▸ Task to carry out: Count the lines below holding "intro" and answer with that number only.

▸ Supplied data:
◇ ◇ ◇
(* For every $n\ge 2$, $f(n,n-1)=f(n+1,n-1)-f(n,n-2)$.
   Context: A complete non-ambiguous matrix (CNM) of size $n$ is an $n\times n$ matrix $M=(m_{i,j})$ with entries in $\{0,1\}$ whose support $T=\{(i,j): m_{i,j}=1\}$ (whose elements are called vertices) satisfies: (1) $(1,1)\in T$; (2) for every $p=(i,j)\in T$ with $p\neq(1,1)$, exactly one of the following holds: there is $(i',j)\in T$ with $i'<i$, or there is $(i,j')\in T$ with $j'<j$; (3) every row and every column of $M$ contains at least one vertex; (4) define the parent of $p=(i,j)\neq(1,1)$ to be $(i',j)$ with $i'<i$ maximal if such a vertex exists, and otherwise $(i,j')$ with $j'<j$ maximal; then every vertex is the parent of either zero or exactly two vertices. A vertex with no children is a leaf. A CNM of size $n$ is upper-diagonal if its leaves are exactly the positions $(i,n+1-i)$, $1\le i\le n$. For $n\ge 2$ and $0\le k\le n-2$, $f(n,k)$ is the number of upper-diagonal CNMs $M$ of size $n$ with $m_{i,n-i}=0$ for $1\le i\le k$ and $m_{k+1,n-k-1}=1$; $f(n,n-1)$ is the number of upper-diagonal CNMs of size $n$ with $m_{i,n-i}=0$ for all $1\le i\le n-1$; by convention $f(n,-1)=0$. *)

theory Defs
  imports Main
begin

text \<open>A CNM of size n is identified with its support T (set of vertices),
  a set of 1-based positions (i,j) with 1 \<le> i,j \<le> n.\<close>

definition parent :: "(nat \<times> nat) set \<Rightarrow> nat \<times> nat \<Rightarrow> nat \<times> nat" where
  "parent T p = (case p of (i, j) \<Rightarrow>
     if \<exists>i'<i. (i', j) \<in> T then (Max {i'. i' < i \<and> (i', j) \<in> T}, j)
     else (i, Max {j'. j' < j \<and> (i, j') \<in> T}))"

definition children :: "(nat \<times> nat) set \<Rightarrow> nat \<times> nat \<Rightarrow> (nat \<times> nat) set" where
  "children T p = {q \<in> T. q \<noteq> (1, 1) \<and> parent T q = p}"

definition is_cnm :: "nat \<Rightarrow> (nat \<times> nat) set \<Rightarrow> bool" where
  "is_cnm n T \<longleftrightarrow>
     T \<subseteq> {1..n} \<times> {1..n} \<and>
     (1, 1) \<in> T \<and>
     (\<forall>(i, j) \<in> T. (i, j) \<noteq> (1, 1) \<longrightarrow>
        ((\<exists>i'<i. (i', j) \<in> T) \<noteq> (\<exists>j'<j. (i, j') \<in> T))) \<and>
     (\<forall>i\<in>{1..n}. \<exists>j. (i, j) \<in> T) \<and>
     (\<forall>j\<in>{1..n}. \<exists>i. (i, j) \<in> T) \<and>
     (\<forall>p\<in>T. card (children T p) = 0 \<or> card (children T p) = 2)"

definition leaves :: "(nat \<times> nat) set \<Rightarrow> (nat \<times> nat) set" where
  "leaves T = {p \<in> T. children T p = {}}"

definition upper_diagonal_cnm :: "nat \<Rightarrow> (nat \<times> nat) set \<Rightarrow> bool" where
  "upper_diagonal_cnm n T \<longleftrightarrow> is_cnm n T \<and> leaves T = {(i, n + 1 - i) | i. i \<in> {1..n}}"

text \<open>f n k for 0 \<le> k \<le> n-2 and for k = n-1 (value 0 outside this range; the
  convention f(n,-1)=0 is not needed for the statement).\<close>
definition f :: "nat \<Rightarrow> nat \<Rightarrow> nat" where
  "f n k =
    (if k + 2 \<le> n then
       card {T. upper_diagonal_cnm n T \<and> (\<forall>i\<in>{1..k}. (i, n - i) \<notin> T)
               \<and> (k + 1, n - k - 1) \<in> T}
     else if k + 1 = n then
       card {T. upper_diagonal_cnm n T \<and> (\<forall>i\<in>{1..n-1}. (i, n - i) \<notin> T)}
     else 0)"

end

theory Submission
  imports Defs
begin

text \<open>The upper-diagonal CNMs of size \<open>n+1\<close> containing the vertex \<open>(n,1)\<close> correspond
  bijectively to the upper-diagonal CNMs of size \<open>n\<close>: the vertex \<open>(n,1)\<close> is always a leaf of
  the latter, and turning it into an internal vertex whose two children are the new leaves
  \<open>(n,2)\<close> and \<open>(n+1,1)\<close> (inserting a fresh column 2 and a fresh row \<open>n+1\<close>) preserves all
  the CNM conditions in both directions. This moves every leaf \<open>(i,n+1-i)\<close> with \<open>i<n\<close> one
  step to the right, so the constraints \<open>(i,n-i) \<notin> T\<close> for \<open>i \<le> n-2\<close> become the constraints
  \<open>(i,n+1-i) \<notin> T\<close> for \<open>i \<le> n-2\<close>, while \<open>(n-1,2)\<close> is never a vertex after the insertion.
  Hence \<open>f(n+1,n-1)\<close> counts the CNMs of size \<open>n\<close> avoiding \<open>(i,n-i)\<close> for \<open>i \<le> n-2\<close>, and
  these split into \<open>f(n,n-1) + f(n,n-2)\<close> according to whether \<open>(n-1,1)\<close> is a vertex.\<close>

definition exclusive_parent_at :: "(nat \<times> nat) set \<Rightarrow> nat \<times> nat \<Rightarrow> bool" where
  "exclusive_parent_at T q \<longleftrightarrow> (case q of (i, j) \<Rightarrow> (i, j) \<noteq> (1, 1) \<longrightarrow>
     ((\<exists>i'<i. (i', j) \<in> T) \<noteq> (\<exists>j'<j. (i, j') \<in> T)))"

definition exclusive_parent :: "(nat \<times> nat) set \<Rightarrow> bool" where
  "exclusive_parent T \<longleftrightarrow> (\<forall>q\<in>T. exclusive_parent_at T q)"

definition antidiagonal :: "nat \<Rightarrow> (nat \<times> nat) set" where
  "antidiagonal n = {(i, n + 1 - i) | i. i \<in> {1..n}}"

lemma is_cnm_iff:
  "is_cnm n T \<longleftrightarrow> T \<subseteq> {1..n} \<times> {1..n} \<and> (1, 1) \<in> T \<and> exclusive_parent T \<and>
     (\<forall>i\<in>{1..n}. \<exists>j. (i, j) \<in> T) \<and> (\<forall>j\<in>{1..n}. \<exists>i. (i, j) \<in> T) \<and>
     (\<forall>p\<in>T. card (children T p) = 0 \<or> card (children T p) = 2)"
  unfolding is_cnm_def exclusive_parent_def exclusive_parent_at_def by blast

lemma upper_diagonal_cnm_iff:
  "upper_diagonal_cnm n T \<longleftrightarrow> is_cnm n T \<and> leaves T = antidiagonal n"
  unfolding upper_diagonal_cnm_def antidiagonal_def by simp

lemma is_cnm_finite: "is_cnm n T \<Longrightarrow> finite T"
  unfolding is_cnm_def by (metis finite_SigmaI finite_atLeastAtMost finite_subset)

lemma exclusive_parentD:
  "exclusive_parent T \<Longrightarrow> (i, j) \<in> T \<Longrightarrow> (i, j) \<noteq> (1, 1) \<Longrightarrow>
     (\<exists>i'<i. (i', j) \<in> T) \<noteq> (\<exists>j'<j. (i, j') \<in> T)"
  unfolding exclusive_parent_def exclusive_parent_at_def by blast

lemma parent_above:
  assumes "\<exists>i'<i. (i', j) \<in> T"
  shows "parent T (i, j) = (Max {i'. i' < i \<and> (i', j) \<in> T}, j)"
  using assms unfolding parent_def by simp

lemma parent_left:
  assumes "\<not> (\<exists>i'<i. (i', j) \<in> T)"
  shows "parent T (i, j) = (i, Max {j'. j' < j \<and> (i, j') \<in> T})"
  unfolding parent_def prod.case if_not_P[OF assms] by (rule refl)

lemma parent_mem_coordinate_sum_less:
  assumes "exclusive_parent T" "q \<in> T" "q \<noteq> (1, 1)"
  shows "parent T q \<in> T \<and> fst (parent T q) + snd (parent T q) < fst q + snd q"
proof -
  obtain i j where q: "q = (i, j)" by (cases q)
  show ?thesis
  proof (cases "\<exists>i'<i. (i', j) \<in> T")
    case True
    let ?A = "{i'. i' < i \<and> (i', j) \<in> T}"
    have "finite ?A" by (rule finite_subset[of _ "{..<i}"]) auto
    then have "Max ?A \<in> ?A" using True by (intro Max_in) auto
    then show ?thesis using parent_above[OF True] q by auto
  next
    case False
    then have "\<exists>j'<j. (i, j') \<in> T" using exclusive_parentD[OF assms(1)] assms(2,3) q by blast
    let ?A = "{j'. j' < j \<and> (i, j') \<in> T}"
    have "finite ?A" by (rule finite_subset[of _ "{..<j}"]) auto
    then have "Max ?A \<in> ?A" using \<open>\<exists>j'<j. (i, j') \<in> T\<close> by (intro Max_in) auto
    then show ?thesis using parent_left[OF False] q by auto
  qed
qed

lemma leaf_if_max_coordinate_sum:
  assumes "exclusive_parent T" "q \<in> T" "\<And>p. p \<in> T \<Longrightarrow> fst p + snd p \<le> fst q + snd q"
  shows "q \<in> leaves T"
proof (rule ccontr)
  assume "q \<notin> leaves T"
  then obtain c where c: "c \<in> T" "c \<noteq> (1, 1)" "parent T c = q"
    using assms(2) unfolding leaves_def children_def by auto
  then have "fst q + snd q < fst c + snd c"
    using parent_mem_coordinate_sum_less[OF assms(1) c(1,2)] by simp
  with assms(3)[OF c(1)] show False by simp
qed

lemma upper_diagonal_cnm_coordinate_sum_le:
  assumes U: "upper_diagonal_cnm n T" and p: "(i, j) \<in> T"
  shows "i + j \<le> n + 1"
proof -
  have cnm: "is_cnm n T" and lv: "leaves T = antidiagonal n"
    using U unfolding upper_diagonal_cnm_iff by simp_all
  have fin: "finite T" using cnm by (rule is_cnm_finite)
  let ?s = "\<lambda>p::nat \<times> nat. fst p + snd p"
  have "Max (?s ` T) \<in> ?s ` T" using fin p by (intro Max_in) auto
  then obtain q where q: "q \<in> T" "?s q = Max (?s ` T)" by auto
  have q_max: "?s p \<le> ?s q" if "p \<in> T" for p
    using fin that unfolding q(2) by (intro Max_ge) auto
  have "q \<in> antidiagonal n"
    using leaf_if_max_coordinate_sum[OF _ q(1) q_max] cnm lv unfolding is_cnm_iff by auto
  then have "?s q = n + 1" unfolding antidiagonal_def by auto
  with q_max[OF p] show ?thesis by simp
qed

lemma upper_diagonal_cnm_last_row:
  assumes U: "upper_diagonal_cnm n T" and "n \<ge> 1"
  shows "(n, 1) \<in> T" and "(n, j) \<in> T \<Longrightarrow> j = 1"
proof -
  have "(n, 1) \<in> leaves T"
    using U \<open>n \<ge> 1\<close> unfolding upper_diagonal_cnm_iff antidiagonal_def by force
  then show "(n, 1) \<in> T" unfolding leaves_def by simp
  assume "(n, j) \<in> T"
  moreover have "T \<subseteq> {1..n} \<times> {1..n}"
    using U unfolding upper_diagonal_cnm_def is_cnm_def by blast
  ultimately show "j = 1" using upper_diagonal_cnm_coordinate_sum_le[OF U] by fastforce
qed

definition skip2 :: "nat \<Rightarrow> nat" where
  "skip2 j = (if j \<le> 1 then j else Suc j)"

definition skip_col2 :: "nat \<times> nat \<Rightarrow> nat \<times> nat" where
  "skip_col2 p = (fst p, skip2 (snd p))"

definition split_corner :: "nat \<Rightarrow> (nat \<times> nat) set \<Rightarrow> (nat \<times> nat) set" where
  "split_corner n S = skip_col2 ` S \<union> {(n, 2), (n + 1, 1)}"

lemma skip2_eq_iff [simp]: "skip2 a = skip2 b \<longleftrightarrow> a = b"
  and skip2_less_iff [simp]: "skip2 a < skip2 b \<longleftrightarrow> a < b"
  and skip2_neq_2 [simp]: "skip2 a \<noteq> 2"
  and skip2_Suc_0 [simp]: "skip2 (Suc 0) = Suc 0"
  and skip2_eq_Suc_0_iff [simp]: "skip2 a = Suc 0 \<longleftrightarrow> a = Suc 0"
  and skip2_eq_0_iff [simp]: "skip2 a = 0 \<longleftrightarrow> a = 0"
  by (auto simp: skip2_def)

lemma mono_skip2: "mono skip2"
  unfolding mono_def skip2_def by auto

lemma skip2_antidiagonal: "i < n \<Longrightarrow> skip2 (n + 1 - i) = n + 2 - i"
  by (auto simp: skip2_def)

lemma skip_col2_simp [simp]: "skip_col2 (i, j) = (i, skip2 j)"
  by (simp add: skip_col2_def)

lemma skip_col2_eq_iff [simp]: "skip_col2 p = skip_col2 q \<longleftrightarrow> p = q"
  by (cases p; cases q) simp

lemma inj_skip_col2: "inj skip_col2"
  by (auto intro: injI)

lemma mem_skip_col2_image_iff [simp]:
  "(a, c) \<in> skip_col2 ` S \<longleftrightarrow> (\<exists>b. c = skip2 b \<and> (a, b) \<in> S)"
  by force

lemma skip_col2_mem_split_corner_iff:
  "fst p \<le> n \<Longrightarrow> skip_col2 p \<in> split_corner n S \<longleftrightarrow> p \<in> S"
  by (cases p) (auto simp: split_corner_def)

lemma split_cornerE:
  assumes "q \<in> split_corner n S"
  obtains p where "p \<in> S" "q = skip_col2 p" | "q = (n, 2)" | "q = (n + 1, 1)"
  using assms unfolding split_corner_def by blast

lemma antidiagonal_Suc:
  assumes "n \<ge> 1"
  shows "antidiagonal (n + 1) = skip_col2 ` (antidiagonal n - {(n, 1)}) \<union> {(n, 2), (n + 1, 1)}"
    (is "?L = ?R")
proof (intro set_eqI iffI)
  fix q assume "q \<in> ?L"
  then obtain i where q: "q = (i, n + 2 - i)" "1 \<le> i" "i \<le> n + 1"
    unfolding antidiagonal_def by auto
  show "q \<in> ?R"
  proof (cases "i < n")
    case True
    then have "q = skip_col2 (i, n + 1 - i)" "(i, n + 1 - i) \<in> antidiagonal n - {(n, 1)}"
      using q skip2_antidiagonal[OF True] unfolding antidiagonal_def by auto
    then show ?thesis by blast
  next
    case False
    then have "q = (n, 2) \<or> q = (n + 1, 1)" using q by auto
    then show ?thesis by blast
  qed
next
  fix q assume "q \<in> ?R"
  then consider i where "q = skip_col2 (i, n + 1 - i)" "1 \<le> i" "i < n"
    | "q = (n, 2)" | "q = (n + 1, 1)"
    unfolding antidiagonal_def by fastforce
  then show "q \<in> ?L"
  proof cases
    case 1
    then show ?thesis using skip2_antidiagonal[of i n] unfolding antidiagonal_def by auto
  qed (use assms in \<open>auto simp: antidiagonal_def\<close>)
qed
◇ ◇ ◇
▸ Answer box: 6